**Data supplied**

lemma regular_borel_measureI:
  fixes M :: "real measure"
  assumes space: "space M = X" and sets: "sets M = sets (restrict_space borel X)"
    and sigma_finite: "sigma_finite_measure M"
    and outer: "\<And>B. B \<in> sets M \<Longrightarrow> \<exists>V. open V \<and> B \<subseteq> V \<inter> X \<and> emeasure M (V \<inter> X) = emeasure M B"
    and inner: "\<And>B. B \<in> sets M \<Longrightarrow> \<exists>K. compact K \<and> K \<subseteq> B \<and> emeasure M K = emeasure M B"
  shows "regular_borel_measure X M"
  unfolding regular_borel_measure_def
proof (intro conjI ballI space sets sigma_finite)
  fix B assume B: "B \<in> sets M"
  have open_in_sets: "V \<inter> X \<in> sets M" if "open V" for V
    using that by (simp add: sets borel_Int_in_restrict_space)
  obtain V where V: "open V" "B \<subseteq> V \<inter> X" "emeasure M (V \<inter> X) = emeasure M B"
    using outer[OF B] by blast
  show "emeasure M B = (INF U\<in>{U. \<exists>V. open V \<and> U = V \<inter> X \<and> B \<subseteq> U}. emeasure M U)"
  proof (rule antisym)
    show "emeasure M B \<le> (INF U\<in>{U. \<exists>V. open V \<and> U = V \<inter> X \<and> B \<subseteq> U}. emeasure M U)"
      using open_in_sets by (auto intro!: INF_greatest emeasure_mono)
    show "(INF U\<in>{U. \<exists>V. open V \<and> U = V \<inter> X \<and> B \<subseteq> U}. emeasure M U) \<le> emeasure M B"
      using V by (intro INF_lower2[of "V \<inter> X"]) auto
  qed
  obtain K where K: "compact K" "K \<subseteq> B" "emeasure M K = emeasure M B"
    using inner[OF B] by blast
  show "emeasure M B = (SUP K\<in>{K. compact K \<and> K \<subseteq> B}. emeasure M K)"
  proof (rule antisym)
    show "emeasure M B \<le> (SUP K\<in>{K. compact K \<and> K \<subseteq> B}. emeasure M K)"
      using K by (intro SUP_upper2[of K]) auto
    have "K' \<in> sets M" if "compact K'" "K' \<subseteq> B" for K'
      using that sets.sets_into_space[OF B] borel_Int_in_restrict_space[of K' X]
      by (auto simp: sets space compact_imp_closed Int_absorb2)
    then show "(SUP K\<in>{K. compact K \<and> K \<subseteq> B}. emeasure M K) \<le> emeasure M B"
      using B by (auto intro!: SUP_least emeasure_mono)
  qed
qed

definition dirac_sum :: "real set \<Rightarrow> nat \<Rightarrow> (nat \<Rightarrow> real) \<Rightarrow> real measure" where
  "dirac_sum X N x = distr (count_space {..<N}) (restrict_space borel X) x"

lemma measurable_points:
  assumes "x ` {..<N} \<subseteq> X"
  shows "x \<in> count_space {..<N} \<rightarrow>\<^sub>M restrict_space borel X"
  using assms by (auto simp: measurable_count_space_eq1 space_restrict_space)

lemma space_dirac_sum [simp]: "space (dirac_sum X N x) = X"
  by (simp add: dirac_sum_def space_restrict_space)

lemma sets_dirac_sum [simp]: "sets (dirac_sum X N x) = sets (restrict_space borel X)"
  by (simp add: dirac_sum_def)

lemma measurable_dirac_sum_iff [simp]:
  "f \<in> borel_measurable (dirac_sum X N x) \<longleftrightarrow> f \<in> borel_measurable (restrict_space borel X)"
  by (simp add: dirac_sum_def)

**Aim of the task**
Your task is to transcribe, with no changes, only the lines of the listing above that lie between the line holding "B \<le> (INF" and the line holding "by (auto simp: sets", inclusive.

**Exercise output**
    show "emeasure M B \<le> (INF U\<in>{U. \<exists>V. open V \<and> U = V \<inter> X \<and> B \<subseteq> U}. emeasure M U)"
      using open_in_sets by (auto intro!: INF_greatest emeasure_mono)
    show "(INF U\<in>{U. \<exists>V. open V \<and> U = V \<inter> X \<and> B \<subseteq> U}. emeasure M U) \<le> emeasure M B"
      using V by (intro INF_lower2[of "V \<inter> X"]) auto
  qed
  obtain K where K: "compact K" "K \<subseteq> B" "emeasure M K = emeasure M B"
    using inner[OF B] by blast
  show "emeasure M B = (SUP K\<in>{K. compact K \<and> K \<subseteq> B}. emeasure M K)"
  proof (rule antisym)
    show "emeasure M B \<le> (SUP K\<in>{K. compact K \<and> K \<subseteq> B}. emeasure M K)"
      using K by (intro SUP_upper2[of K]) auto
    have "K' \<in> sets M" if "compact K'" "K' \<subseteq> B" for K'
      using that sets.sets_into_space[OF B] borel_Int_in_restrict_space[of K' X]
      by (auto simp: sets space compact_imp_closed Int_absorb2)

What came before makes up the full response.